What the exercise asks ▸ Work out how many lines in the records contain the word "where", and give that number alone.

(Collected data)
⟨
lemma not_fa_recognizable_preimage:
  assumes pq: "1 + \<bar>p\<bar> < \<bar>q\<bar>" and inf: "infinite S" and diff: "\<And>a b. a \<in> S \<Longrightarrow> b \<in> S \<Longrightarrow> a - b \<in> S"
    and escape: "\<And>l g. 1 \<le> l \<Longrightarrow> g \<in> S \<Longrightarrow> g \<noteq> 0 \<Longrightarrow> (mul_x p q ^^ l) g \<notin> S"
  shows "\<not> fa_recognizable A {w \<in> Dom p q. psi p q w \<in> S}"
proof
  let ?L = "{w \<in> Dom p q. psi p q w \<in> S}"
  assume reg: "fa_recognizable A ?L"
  have "S \<subseteq> psi p q ` ?L"
  proof
    fix h
    assume "h \<in> S"
    moreover obtain w where "w \<in> Dom p q" "psi p q w = h"
      using bij_betw_psi_Dom[OF pq] by (metis bij_betw_def UNIV_I imageE)
    ultimately show "h \<in> psi p q ` ?L" by blast
  qed
  with inf have infinite: "infinite ?L"
    using finite_surj by blast
  have subset: "?L \<subseteq> Dom p q" by blast
  obtain u0 u1 u2 l where u: "u0 \<in> ?L" "u1 \<in> ?L" "u2 \<in> ?L" "1 \<le> l"
    "str_val p q u1 \<noteq> str_val p q u0"
    "(mul_x p q ^^ l) (str_val p q u1 - str_val p q u0) = str_val p q u2 - str_val p q u1"
    by (rule Dom_pumping[OF reg infinite subset])
  have "str_val p q u \<in> S" if "u \<in> ?L" for u
    using that by (simp add: psi_eq_str_val)
  then have "str_val p q u1 - str_val p q u0 \<in> S" "str_val p q u2 - str_val p q u1 \<in> S"
    using u(1-3) diff by blast+
  moreover have "str_val p q u1 - str_val p q u0 \<noteq> 0"
    using u(5) by simp
  ultimately show False
    using escape[OF u(4)] u(6) by metis
qed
⟩
Solution to this exercise ▸ 2